## Problem details
Filter these records by the string "auto", copying each line that holds it.

[Stored data entries]
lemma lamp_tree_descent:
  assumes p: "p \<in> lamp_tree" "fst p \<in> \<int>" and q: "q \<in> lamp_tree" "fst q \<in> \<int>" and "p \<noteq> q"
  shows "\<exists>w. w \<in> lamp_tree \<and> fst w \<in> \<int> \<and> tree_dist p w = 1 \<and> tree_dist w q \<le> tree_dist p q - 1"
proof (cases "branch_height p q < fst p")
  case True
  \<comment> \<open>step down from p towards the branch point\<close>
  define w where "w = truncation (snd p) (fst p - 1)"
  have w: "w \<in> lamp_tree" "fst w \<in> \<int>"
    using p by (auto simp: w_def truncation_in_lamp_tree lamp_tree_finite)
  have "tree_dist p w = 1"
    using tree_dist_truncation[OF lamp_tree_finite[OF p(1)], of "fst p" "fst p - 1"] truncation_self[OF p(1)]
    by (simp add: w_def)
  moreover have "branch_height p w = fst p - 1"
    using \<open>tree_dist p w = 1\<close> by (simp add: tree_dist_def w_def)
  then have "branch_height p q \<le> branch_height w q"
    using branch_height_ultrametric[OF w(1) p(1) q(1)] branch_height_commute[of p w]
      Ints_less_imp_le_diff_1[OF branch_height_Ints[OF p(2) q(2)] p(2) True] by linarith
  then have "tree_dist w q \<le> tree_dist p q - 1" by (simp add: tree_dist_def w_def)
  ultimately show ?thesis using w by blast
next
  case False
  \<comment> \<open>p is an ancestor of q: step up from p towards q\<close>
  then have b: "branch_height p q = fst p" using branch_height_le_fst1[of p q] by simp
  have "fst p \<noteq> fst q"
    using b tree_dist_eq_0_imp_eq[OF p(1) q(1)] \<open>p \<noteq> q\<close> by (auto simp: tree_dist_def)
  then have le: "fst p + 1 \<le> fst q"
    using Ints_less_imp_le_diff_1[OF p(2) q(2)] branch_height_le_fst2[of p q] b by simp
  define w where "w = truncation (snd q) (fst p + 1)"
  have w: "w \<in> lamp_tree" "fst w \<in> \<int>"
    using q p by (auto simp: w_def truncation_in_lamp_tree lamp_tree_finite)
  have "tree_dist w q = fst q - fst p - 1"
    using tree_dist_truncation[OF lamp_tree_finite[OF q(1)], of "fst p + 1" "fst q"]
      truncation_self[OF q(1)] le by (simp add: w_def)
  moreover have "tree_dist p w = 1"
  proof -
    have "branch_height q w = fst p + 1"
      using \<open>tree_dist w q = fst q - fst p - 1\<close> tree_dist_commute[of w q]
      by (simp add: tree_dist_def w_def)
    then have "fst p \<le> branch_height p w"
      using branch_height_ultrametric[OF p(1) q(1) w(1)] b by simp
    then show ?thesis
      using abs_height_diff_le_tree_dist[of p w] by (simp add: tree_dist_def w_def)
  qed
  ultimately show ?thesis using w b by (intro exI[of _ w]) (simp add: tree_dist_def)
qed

## Output for this exercise
    using p by (auto simp: w_def truncation_in_lamp_tree lamp_tree_finite)
    using b tree_dist_eq_0_imp_eq[OF p(1) q(1)] \<open>p \<noteq> q\<close> by (auto simp: tree_dist_def)
    using q p by (auto simp: w_def truncation_in_lamp_tree lamp_tree_finite)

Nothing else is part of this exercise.